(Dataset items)
**********

lemma coeff_node_poly_Suc:
  "coeff (node_poly (Suc k) x) c
     = - x k * coeff (node_poly k x) c + (case c of 0 \<Rightarrow> 0 | Suc c' \<Rightarrow> coeff (node_poly k x) c')"
  by (simp add: coeff_pCons split: nat.split)

text \<open>For \<open>i > m\<close> the divided difference of \<open>y\<^sup>m\<close> is \<open>0\<close>, whereas the truncated
  subtraction would give \<open>h\<^sub>0 = 1\<close>; hence the case distinction.\<close>

definition newton_interp :: "nat \<Rightarrow> nat \<Rightarrow> (nat \<Rightarrow> complex) \<Rightarrow> complex poly" where
  "newton_interp n m x =
     (\<Sum>i<n. smult (if i \<le> m then complete_sym (Suc i) (m - i) x else 0) (node_poly i x))"

lemma poly_newton_interp:
  "poly (newton_interp k m x) y
     = y ^ m - (if k \<le> m then complete_sym (Suc k) (m - k) (x(k := y)) else 0) * poly (node_poly k x) y"
proof (induction k)
  case 0
  then show ?case by (simp add: newton_interp_def)
next
  case (Suc k)
  have interp_Suc: "poly (newton_interp (Suc k) m x) y = poly (newton_interp k m x) y
      + (if k \<le> m then complete_sym (Suc k) (m - k) x else 0) * poly (node_poly k x) y"
    by (simp add: newton_interp_def)
  have node_Suc: "poly (node_poly (Suc k) x) y = (y - x k) * poly (node_poly k x) y"
    by (simp add: algebra_simps)
  consider "k < m" | "m \<le> k" by linarith
  then show ?case
  proof cases
    case 1
    then obtain d where d: "m - k = Suc d" "m - Suc k = d"
      by (metis Suc_diff_Suc)
    have exchange: "complete_sym (Suc k) (m - k) x = complete_sym (Suc k) (m - k) (x(k := y))
        - (y - x k) * complete_sym (Suc (Suc k)) (m - Suc k) (x(Suc k := y))"
      using complete_sym_exchange_node[of k d x y] unfolding d by (simp add: algebra_simps)
    show ?thesis
      using 1 unfolding interp_Suc node_Suc Suc exchange by (simp add: algebra_simps)
  next
    case 2
    then show ?thesis
      unfolding interp_Suc node_Suc Suc by (cases "k = m") auto
  qed
qed

lemma poly_newton_interp_node: "s < n \<Longrightarrow> poly (newton_interp n m x) (x s) = x s ^ m"
  by (auto simp: poly_newton_interp poly_node_poly)

lemma coeff_newton_interp_eq_0: "n \<le> c \<Longrightarrow> coeff (newton_interp n m x) c = 0"
  unfolding newton_interp_def coeff_sum
  by (intro sum.neutral) (auto intro!: coeff_eq_0 simp: degree_node_poly)

lemma poly_eq_sum_lessThan:
  fixes p :: "'a::comm_semiring_1 poly"
  assumes "\<And>c. n \<le> c \<Longrightarrow> coeff p c = 0"
  shows "poly p y = (\<Sum>c<n. coeff p c * y ^ c)"
proof -
  have "poly p y = (\<Sum>c\<le>degree p. coeff p c * y ^ c)"
    by (rule poly_altdef)
  also have "\<dots> = (\<Sum>c<max n (Suc (degree p)). coeff p c * y ^ c)"
    by (intro sum.mono_neutral_left) (auto simp: coeff_eq_0)
  also have "\<dots> = (\<Sum>c<n. coeff p c * y ^ c)"
    using assms by (intro sum.mono_neutral_right) auto
  finally show ?thesis .
qed

lemma vandermonde_mult_newton_interp_coeffs:
  assumes "r < n"
  shows "(vandermonde n x *\<^sub>v vec n (coeff (newton_interp n m x))) $ r = x r ^ m"
proof -
  have "(vandermonde n x *\<^sub>v vec n (coeff (newton_interp n m x))) $ r
      = (\<Sum>c<n. coeff (newton_interp n m x) c * x r ^ c)"
    using assms by (simp add: vandermonde_def mult_mat_vec_def scalar_prod_def lessThan_atLeast0 mult.commute)
  also have "\<dots> = poly (newton_interp n m x) (x r)"
    by (rule poly_eq_sum_lessThan[symmetric]) (rule coeff_newton_interp_eq_0)
  finally show ?thesis
    using assms by (simp add: poly_newton_interp_node)
qed

lemma det_vandermonde_repl:
  assumes "1 \<le> j" "j \<le> n"
  shows "det (vandermonde_repl n j m x) = coeff (newton_interp n m x) (j - 1) * det (vandermonde n x)"
proof -
  define a where "a = vec n (coeff (newton_interp n m x))"
  define V where "V = vandermonde n x"
  have V: "V \<in> carrier_mat n n"
    by (simp add: V_def vandermonde_def)
  have "vandermonde_repl n j m x = replace_col V (V *\<^sub>v a) (j - 1)"
    using V vandermonde_mult_newton_interp_coeffs[of _ n x m]
    by (intro eq_matI) (auto simp: vandermonde_repl_def replace_col_def V_def a_def vandermonde_def
        simp del: index_mult_mat_vec)
  moreover have "det (replace_col V (V *\<^sub>v a) (j - 1)) = a $ (j - 1) * det V"
    using assms by (intro cramer_lemma_mat[OF V]) (auto simp: a_def)
  ultimately show ?thesis
    using assms by (simp add: a_def V_def)
qed

lemma poly_fun_diff: "poly_fun n f \<Longrightarrow> poly_fun n g \<Longrightarrow> poly_fun n (\<lambda>x. f x - g x)"
  using poly_fun.add[OF _ poly_fun.mult[OF poly_fun.const[of n "-1"]], of f g] by simp

lemma poly_fun_sum:
  "finite I \<Longrightarrow> (\<And>i. i \<in> I \<Longrightarrow> poly_fun n (f i)) \<Longrightarrow> poly_fun n (\<lambda>x. \<Sum>i\<in>I. f i x)"
  by (induction I rule: finite_induct) (auto intro: poly_fun.intros)

lemma poly_fun_complete_sym: "k \<le> n \<Longrightarrow> poly_fun n (complete_sym k d)"
proof (induction k arbitrary: d)
  case 0
  then show ?case
    using poly_fun.const[of n "if d = 0 then 1 else 0"] by simp
next
  case (Suc k)
  then have IH: "poly_fun n (complete_sym k d')" for d'
    by simp
  show ?case
  proof (induction d)
    case 0
    then show ?case
      using poly_fun.const[of n 1] by simp
  next
    case (Suc d)
    then have "poly_fun n (\<lambda>x. complete_sym k (Suc d) x + x k * complete_sym (Suc k) d x)"
      using IH \<open>Suc k \<le> n\<close> by (intro poly_fun.add poly_fun.mult poly_fun.var) auto
    then show ?case
      by simp
  qed
qed

lemma poly_fun_coeff_node_poly: "k \<le> n \<Longrightarrow> poly_fun n (\<lambda>x. coeff (node_poly k x) c)"
proof (induction k arbitrary: c)
  case 0
  then show ?case
    by (auto intro: poly_fun.const)
next
  case (Suc k)
  have "poly_fun n (\<lambda>x. case c of 0 \<Rightarrow> 0 | Suc c' \<Rightarrow> coeff (node_poly k x) c')"
    using Suc by (cases c) (auto intro: poly_fun.const)
  then have "poly_fun n (\<lambda>x. -1 * x k * coeff (node_poly k x) c
      + (case c of 0 \<Rightarrow> 0 | Suc c' \<Rightarrow> coeff (node_poly k x) c'))"
    using Suc by (intro poly_fun.add poly_fun.mult poly_fun.var poly_fun.const) auto
  then show ?case
    unfolding coeff_node_poly_Suc by simp
qed

lemma poly_fun_coeff_newton_interp: "poly_fun n (\<lambda>x. coeff (newton_interp n m x) c)"
proof -
  have "poly_fun n (\<lambda>x. complete_sym (Suc i) (m - i) x)" if "i < n" for i
    using that by (intro poly_fun_complete_sym) simp
  then have "poly_fun n (\<lambda>x. (if i \<le> m then complete_sym (Suc i) (m - i) x else 0)
      * coeff (node_poly i x) c)" if "i < n" for i
    using that poly_fun.const[of n 0]
    by (cases "i \<le> m") (auto intro!: poly_fun.mult poly_fun_coeff_node_poly)
  then show ?thesis
    unfolding newton_interp_def coeff_sum coeff_smult by (intro poly_fun_sum) auto
qed

lemma det_vandermonde_nonzero:
  assumes "inj_on x {..<n}"
  shows "det (vandermonde n x) \<noteq> 0"
proof
  assume "det (vandermonde n x) = 0"
  then obtain v where v: "v \<in> carrier_vec n" "v \<noteq> 0\<^sub>v n" "vandermonde n x *\<^sub>v v = 0\<^sub>v n"
    using det_0_iff_vec_prod_zero_field[of "vandermonde n x" n] by (auto simp: vandermonde_def)
  define p where "p = (\<Sum>c<n. monom (v $ c) c)"
  have coeff_p: "coeff p c = (if c < n then v $ c else 0)" for c
    unfolding p_def coeff_sum by (auto simp: coeff_monom)
  have "p \<noteq> 0"
  proof
    assume "p = 0"
    then have "v $ i = 0" if "i < n" for i
      using coeff_p[of i] that by simp
    then have "v = 0\<^sub>v n"
      using v(1) by (intro eq_vecI) auto
    with v(2) show False ..
  qed
  then have "n \<noteq> 0"
    by (intro notI) (simp add: p_def)
  have "poly p (x r) = 0" if "r < n" for r
  proof -
    have "poly p (x r) = (\<Sum>c<n. v $ c * x r ^ c)"
      unfolding p_def poly_sum by (simp add: poly_monom)
    also have "\<dots> = (vandermonde n x *\<^sub>v v) $ r"
      using v(1) that
      by (simp add: vandermonde_def mult_mat_vec_def scalar_prod_def lessThan_atLeast0 mult.commute)
    finally show ?thesis
      using v(3) that by simp
  qed
  then have "x ` {..<n} \<subseteq> {y. poly p y = 0}"
    by auto
  then have "card (x ` {..<n}) \<le> card {y. poly p y = 0}"
    by (rule card_mono[OF poly_roots_finite[OF \<open>p \<noteq> 0\<close>]])
  also have "\<dots> \<le> degree p"
    by (rule card_poly_roots_bound[OF \<open>p \<noteq> 0\<close>])
  also have "\<dots> \<le> n - 1"
    by (rule degree_le) (auto simp: coeff_p)
  finally show False
    using card_image[OF assms] \<open>n \<noteq> 0\<close> by simp
qed

lemma isCont_poly_fun_line: "poly_fun n f \<Longrightarrow> isCont (\<lambda>t::complex. f (\<lambda>r. x r + t * v r)) t"
  by (induction rule: poly_fun.induct) (simp_all add: continuous_intros)

text \<open>Identity theorem: along the line \<open>t \<mapsto> x + t (0, 1, \<dots>, n - 1)\<close> the coordinates are
  distinct for all but finitely many \<open>t\<close>, so \<open>f - g\<close> vanishes near \<open>t = 0\<close> and, being
  continuous, also at \<open>t = 0\<close>.\<close>

lemma poly_fun_eq_if_eq_on_injective:
  assumes "poly_fun n f" "poly_fun n g" and "\<And>z. inj_on z {..<n} \<Longrightarrow> f z = g z"
  shows "f = g"
proof
  fix x
  define h where "h = (\<lambda>x. f x - g x)"
  define y where "y = (\<lambda>(t::complex) r. x r + t * of_nat r)"
  have separated: "\<forall>\<^sub>F t in at 0. y t r \<noteq> y t s" if "r \<noteq> s" for r s
  proof (rule eventually_mono[OF eventually_neq_at_within])
    fix t
    assume t: "t \<noteq> (x s - x r) / (of_nat r - of_nat s)"
    show "y t r \<noteq> y t s"
    proof
      assume "y t r = y t s"
      then have "t * (of_nat r - of_nat s) = x s - x r"
        by (simp add: y_def algebra_simps)
      with t \<open>r \<noteq> s\<close> show False
        by (simp add: eq_divide_eq)
    qed
  qed
  have "\<forall>\<^sub>F t in at 0. r \<noteq> s \<longrightarrow> y t r \<noteq> y t s" for r s
    using separated[of r s] by (cases "r = s") simp_all
  then have "\<forall>\<^sub>F t in at 0. \<forall>r\<in>{..<n}. \<forall>s\<in>{..<n}. r \<noteq> s \<longrightarrow> y t r \<noteq> y t s"
    by (intro eventually_ball_finite ballI) simp_all
  then have "\<forall>\<^sub>F t in at 0. inj_on (y t) {..<n}"
    by (rule eventually_mono) (unfold inj_on_def, blast)
  then have "\<forall>\<^sub>F t in at 0. h (y t) = 0"
    by (rule eventually_mono) (simp add: h_def assms(3))
  then have "((\<lambda>t. h (y t)) \<longlongrightarrow> 0) (at 0)"
    by (rule tendsto_eventually)
  moreover have "poly_fun n h"
    unfolding h_def using assms(1,2) by (rule poly_fun_diff)
  then have "((\<lambda>t. h (y t)) \<longlongrightarrow> h (y 0)) (at 0)"
    unfolding y_def by (rule isCont_poly_fun_line[unfolded isCont_def])
  ultimately have "h (y 0) = 0"
    by (rule tendsto_unique[OF at_neq_bot, symmetric])
  then show "f x = g x"
    by (simp add: h_def y_def)
qed
lemma F_sub_eigen_of_Fstar_super_eigen:
  assumes "\<And>i. Fstar_real y i \<le> M + y i"
  shows "ereal (- AT_real y j - M) \<le> F (\<lambda>j. ereal (- AT_real y j)) j"
proof -
  let ?x = "\<lambda>j. ereal (- AT_real y j)"
  define pz where "pz k = (\<Sum>l\<in>UNIV. P k l * AT_real y l)" for k
  have Px: "lin_mult P ?x = (\<lambda>k. ereal (- pz k))"
    by (simp add: lin_mult_ereal pz_def sum_negf)
  have BPx: "ereal (- M - y i) \<le> mp_mult B (lin_mult P ?x) i" for i
  proof -
    have "Min (range (\<lambda>k. - B i k + ereal (pz k))) = ereal (Fstar_real y i)"
      using fun_cong[OF Fstar_real[of y], of i] unfolding opFstar_def AT_real lin_mult_ereal
      by (simp add: mp_adj_def mtransp_def pz_def)
    with assms[of i] have "Min (range (\<lambda>k. - B i k + ereal (pz k))) \<le> ereal (M + y i)" by simp
    then obtain k where "- B i k + ereal (pz k) \<le> ereal (M + y i)"
      unfolding Min_range_le_iff by blast
    then have "ereal (- M - y i) \<le> B i k + ereal (- pz k)"
      using B_not_PInf[of i k] by (cases "B i k") auto
    also have "\<dots> \<le> mp_mult B (lin_mult P ?x) i"
      unfolding Px mp_mult_def by (rule Max_range_ge)
    finally show ?thesis .
  qed
  have "A i j + ereal (- AT_real y j - M) \<le> mp_mult B (lin_mult P ?x) i" for i
  proof (cases "A i j")
    case (real a)
    have "A i j + ereal (y i) \<le> mp_mult (mtransp A) (\<lambda>i. ereal (y i)) j"
      unfolding mp_mult_def mtransp_def by (rule Max_range_ge)
    then have "A i j + ereal (- AT_real y j - M) \<le> ereal (- M - y i)" using real by (simp add: AT_real)
    then show ?thesis using BPx[of i] by (rule order_trans)
  qed (use A_not_PInf in auto)
  then show ?thesis unfolding opF_def by (simp add: le_mp_adj_iff A_not_PInf)
qed

lemma F_le_Max_plus: "\<exists>K. \<forall>x j. F (\<lambda>j. ereal (x j)) j \<le> ereal (Max (range x) + K)"
proof -
  define b where "b i = Max (range (\<lambda>k. real_of_ereal (B i k)))" for i
  have b: "B i k \<le> ereal (b i)" for i k
  proof -
    have "B i k \<le> ereal (real_of_ereal (B i k))"
      using B_not_PInf[of i k] by (cases "B i k") auto
    also have "\<dots> \<le> ereal (b i)" unfolding b_def by (simp add: Max_range_ge)
    finally show ?thesis .
  qed
  obtain ia where ia: "\<And>j. A (ia j) j \<noteq> -\<infinity>"
    using choice[of "\<lambda>j i. A i j \<noteq> -\<infinity>"] A_cols by blast
  define a where "a j = real_of_ereal (A (ia j) j)" for j
  have a: "A (ia j) j = ereal (a j)" for j
    using ia[of j] A_not_PInf[of "ia j" j] unfolding a_def by (cases "A (ia j) j") auto
  define K where "K = Max (range (\<lambda>j. b (ia j) - a j))"
  have "F (\<lambda>j. ereal (x j)) j \<le> ereal (Max (range x) + K)" for x j
  proof -
    have "B i k + ereal (\<Sum>l\<in>UNIV. P k l * x l) \<le> ereal (b i) + ereal (Max (range x))" for i k
      using stochastic_avg_le_Max[OF P_stochastic] by (intro add_mono b) simp
    then have BPx: "ereal (BP_real x i) \<le> ereal (b i + Max (range x))" for i
      using fun_cong[OF BP_real[of x], of i, symmetric]
      by (simp add: mp_mult_def lin_mult_ereal Max_range_le_iff)
    have "F (\<lambda>j. ereal (x j)) j \<le> - A (ia j) j + ereal (BP_real x (ia j))"
      unfolding opF_def BP_real mp_adj_def by (rule Min_range_le)
    also have "\<dots> \<le> ereal (Max (range x) + (b (ia j) - a j))"
      using a[of j] BPx[of "ia j"] by simp
    also have "\<dots> \<le> ereal (Max (range x) + K)"
      unfolding K_def using Max_range_ge[of "\<lambda>j. b (ia j) - a j" j] by simp
    finally show ?thesis .
  qed
  then show ?thesis by blast
qed

lemma Fstar_super_eigenvalue_bounded_below:
  obtains K where "\<And>y M. (\<And>i. Fstar_real y i \<le> M + y i) \<Longrightarrow> - K \<le> M"
proof -
  obtain K where K: "\<And>x j. F (\<lambda>j. ereal (x j)) j \<le> ereal (Max (range x) + K)"
    using F_le_Max_plus by blast
  have "- K \<le> M" if "\<And>i. Fstar_real y i \<le> M + y i" for y M
  proof -
    let ?x = "\<lambda>j. - AT_real y j"
    obtain j where j: "Max (range ?x) = ?x j" by (rule obtain_Max_range)
    have "ereal (?x j - M) \<le> F (\<lambda>j. ereal (?x j)) j"
      using that by (rule F_sub_eigen_of_Fstar_super_eigen)
    also have "\<dots> \<le> ereal (?x j + K)" using K[of ?x j] j by simp
    finally show ?thesis by simp
  qed
  then show ?thesis by (rule that)
qed

text \<open>The truncation level \<open>c\<close> bounds the normalized map from below, so that it maps a
  compact cube into itself.\<close>

lemma truncated_Fstar_eigenvector:
  assumes "c \<le> 0"
  obtains y M where "Max (range y) = 0" "\<And>i. max (Fstar_real y i) c = M + y i"
    "M \<le> Max (range (\<lambda>j. max (Fstar_real (\<lambda>_. 0) j) 0))"
proof (rule normalized_eigenvector_exists[where g = "\<lambda>y i. max (Fstar_real y i) c"])
  show "((\<lambda>t. max (Fstar_real (y t) i) c) \<longlongrightarrow> max (Fstar_real y0 i) c) net"
    if "\<And>j. ((\<lambda>t. y t j) \<longlongrightarrow> y0 j) net" for net :: "(real^'m) filter" and y y0 i
    by (intro tendsto_max tendsto_const Fstar_real_tendsto that)
  fix y :: "'m \<Rightarrow> real" and i
  assume "\<And>j. y j \<le> 0"
  then have "Fstar_real y i \<le> Fstar_real (\<lambda>_. 0) i" by (rule Fstar_real_mono)
  then have "max (Fstar_real y i) c \<le> max (Fstar_real (\<lambda>_. 0) i) 0" using assms by linarith
  also have "\<dots> \<le> Max (range (\<lambda>j. max (Fstar_real (\<lambda>_. 0) j) 0))" by (rule Max_range_ge)
  finally show "c \<le> max (Fstar_real y i) c \<and>
      max (Fstar_real y i) c \<le> Max (range (\<lambda>j. max (Fstar_real (\<lambda>_. 0) j) 0))" by simp
qed (rule that)

lemma Fstar_sub_eigenvector_of_limit:
  assumes trunc: "\<And>n i. max (Fstar_real (ys n) i) (c n) = Ms n + ys n i"
    and c: "filterlim c at_bot sequentially"
    and Ms: "Ms \<longlonglongrightarrow> mu"
    and Y: "\<And>i. (\<lambda>n. ereal (ys n i)) \<longlonglongrightarrow> Y i" and Y_fin: "tvec Y"
  shows "ereal mu + Y i \<le> Fstar Y i"
proof (cases "Y i")
  case (real yi)
  \<comment> \<open>Since \<open>c n \<rightarrow> -\<infinity>\<close>, the truncation is eventually inactive in coordinate \<open>i\<close>.\<close>
  have ys_i: "(\<lambda>n. ys n i) \<longlonglongrightarrow> yi" using Y[of i] unfolding real lim_ereal .
  have lim: "(\<lambda>n. Ms n + ys n i) \<longlonglongrightarrow> mu + yi" by (intro tendsto_add Ms ys_i)
  then have "eventually (\<lambda>n. mu + yi - 1 < Ms n + ys n i) sequentially"
    by (rule order_tendstoD(1)) simp
  moreover have "eventually (\<lambda>n. c n < mu + yi - 1) sequentially"
    using c by (simp add: filterlim_at_bot_dense)
  ultimately have "eventually (\<lambda>n. ereal (Ms n + ys n i) = Fstar (\<lambda>i. ereal (ys n i)) i) sequentially"
  proof eventually_elim
    case (elim n)
    then have "Fstar_real (ys n) i = Ms n + ys n i" using trunc[of n i] by linarith
    then show ?case by (simp add: Fstar_real)
  qed
  moreover have "(\<lambda>n. ereal (Ms n + ys n i)) \<longlonglongrightarrow> ereal (mu + yi)"
    using lim by (rule tendsto_ereal)
  ultimately have "(\<lambda>n. Fstar (\<lambda>i. ereal (ys n i)) i) \<longlonglongrightarrow> ereal (mu + yi)"
    by (rule Lim_transform_eventually[rotated])
  moreover have "(\<lambda>n. Fstar (\<lambda>i. ereal (ys n i)) i) \<longlonglongrightarrow> Fstar Y i"
    using Y Y_fin by (intro Fstar_tendsto) (auto simp: tvec_def)
  ultimately have "Fstar Y i = ereal (mu + yi)" using LIMSEQ_unique by blast
  then show ?thesis using real by simp
qed (use Y_fin in \<open>auto simp: tvec_def\<close>)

**********

WHAT YOU SHOULD DO » Show all lines from the data above in which the word "sequentially" appears.

TASK RESPONSE »
    and c: "filterlim c at_bot sequentially"
  then have "eventually (\<lambda>n. mu + yi - 1 < Ms n + ys n i) sequentially"
  moreover have "eventually (\<lambda>n. c n < mu + yi - 1) sequentially"
  ultimately have "eventually (\<lambda>n. ereal (Ms n + ys n i) = Fstar (\<lambda>i. ereal (ys n i)) i) sequentially"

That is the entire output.